**Activity**: Anywhere the string "HrealD" shows up in the listing below, copy the line it is in.
+ + + +
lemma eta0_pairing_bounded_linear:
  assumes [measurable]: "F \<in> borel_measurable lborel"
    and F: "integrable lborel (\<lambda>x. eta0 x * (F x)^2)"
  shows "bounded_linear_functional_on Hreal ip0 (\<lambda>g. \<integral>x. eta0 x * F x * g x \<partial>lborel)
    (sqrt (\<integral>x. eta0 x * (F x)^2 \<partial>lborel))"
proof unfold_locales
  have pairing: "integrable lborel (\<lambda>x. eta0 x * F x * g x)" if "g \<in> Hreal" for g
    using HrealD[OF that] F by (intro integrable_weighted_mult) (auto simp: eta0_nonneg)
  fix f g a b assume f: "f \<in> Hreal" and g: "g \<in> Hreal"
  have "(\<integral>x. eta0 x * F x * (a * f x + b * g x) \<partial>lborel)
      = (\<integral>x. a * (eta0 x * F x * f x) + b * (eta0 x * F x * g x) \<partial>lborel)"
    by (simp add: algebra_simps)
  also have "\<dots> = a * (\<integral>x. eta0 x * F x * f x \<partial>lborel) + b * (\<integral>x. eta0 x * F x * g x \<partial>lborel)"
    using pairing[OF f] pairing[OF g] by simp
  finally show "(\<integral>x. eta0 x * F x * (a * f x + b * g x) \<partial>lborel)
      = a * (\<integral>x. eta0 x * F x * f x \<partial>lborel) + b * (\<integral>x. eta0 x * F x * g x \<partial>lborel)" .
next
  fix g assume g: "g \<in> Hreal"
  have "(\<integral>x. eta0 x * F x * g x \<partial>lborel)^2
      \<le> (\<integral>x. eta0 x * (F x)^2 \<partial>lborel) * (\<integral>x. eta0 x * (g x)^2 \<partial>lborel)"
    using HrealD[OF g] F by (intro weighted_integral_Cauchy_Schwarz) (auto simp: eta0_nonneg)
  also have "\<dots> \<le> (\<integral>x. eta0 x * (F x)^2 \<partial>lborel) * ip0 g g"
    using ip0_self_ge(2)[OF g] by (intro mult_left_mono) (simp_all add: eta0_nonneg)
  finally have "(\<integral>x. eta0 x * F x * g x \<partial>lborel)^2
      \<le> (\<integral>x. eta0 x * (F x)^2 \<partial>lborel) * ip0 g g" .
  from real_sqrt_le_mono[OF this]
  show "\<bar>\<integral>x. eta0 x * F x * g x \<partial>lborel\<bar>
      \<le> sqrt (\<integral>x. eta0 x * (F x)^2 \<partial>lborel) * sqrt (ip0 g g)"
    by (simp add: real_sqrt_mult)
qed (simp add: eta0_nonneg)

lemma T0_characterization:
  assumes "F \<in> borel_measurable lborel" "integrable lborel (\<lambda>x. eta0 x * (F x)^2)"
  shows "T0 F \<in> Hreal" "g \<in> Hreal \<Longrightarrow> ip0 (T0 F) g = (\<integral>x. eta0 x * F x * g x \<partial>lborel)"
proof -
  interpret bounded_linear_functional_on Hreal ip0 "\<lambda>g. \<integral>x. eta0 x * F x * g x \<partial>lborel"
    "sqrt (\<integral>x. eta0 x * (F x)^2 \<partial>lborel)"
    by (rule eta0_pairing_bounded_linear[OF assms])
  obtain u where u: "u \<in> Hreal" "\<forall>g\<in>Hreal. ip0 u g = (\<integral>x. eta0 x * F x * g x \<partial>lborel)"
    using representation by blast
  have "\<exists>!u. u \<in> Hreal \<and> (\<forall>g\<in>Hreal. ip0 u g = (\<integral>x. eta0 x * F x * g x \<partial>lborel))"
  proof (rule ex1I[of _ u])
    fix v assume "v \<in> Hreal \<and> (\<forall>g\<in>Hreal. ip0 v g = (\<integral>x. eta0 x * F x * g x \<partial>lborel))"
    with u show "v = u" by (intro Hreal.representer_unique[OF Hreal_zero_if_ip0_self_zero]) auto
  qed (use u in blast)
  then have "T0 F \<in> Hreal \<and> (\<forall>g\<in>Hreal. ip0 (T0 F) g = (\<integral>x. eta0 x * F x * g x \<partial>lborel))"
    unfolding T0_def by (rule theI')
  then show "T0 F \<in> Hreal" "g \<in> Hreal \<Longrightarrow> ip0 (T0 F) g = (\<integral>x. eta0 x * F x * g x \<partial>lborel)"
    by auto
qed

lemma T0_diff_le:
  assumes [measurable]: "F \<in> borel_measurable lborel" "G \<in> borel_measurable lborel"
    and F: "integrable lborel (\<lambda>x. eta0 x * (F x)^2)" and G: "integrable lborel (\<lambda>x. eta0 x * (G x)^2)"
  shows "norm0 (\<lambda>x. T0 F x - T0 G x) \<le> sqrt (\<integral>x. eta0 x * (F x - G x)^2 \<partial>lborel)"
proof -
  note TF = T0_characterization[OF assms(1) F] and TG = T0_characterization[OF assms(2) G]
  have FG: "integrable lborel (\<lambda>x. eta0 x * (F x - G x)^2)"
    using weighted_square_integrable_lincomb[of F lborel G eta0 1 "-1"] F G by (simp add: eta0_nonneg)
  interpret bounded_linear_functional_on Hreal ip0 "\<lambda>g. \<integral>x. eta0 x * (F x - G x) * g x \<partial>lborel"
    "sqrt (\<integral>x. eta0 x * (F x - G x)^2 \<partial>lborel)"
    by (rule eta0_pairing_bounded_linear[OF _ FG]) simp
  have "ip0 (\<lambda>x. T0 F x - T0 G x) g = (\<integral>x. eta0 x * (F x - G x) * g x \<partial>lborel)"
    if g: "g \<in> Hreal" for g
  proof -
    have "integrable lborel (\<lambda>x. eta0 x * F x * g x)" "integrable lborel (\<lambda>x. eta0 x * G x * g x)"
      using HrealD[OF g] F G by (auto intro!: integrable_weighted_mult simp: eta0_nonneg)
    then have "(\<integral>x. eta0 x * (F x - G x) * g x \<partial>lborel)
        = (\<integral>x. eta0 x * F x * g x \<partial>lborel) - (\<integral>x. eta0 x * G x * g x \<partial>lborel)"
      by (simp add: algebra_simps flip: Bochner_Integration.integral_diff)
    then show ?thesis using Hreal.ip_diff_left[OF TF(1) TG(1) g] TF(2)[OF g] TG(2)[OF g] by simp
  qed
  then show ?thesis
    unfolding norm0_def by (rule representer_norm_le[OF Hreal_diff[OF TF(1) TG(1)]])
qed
+ + + +
**Response**:
    using HrealD[OF that] F by (intro integrable_weighted_mult) (auto simp: eta0_nonneg)
    using HrealD[OF g] F by (intro weighted_integral_Cauchy_Schwarz) (auto simp: eta0_nonneg)
      using HrealD[OF g] F G by (auto intro!: integrable_weighted_mult simp: eta0_nonneg)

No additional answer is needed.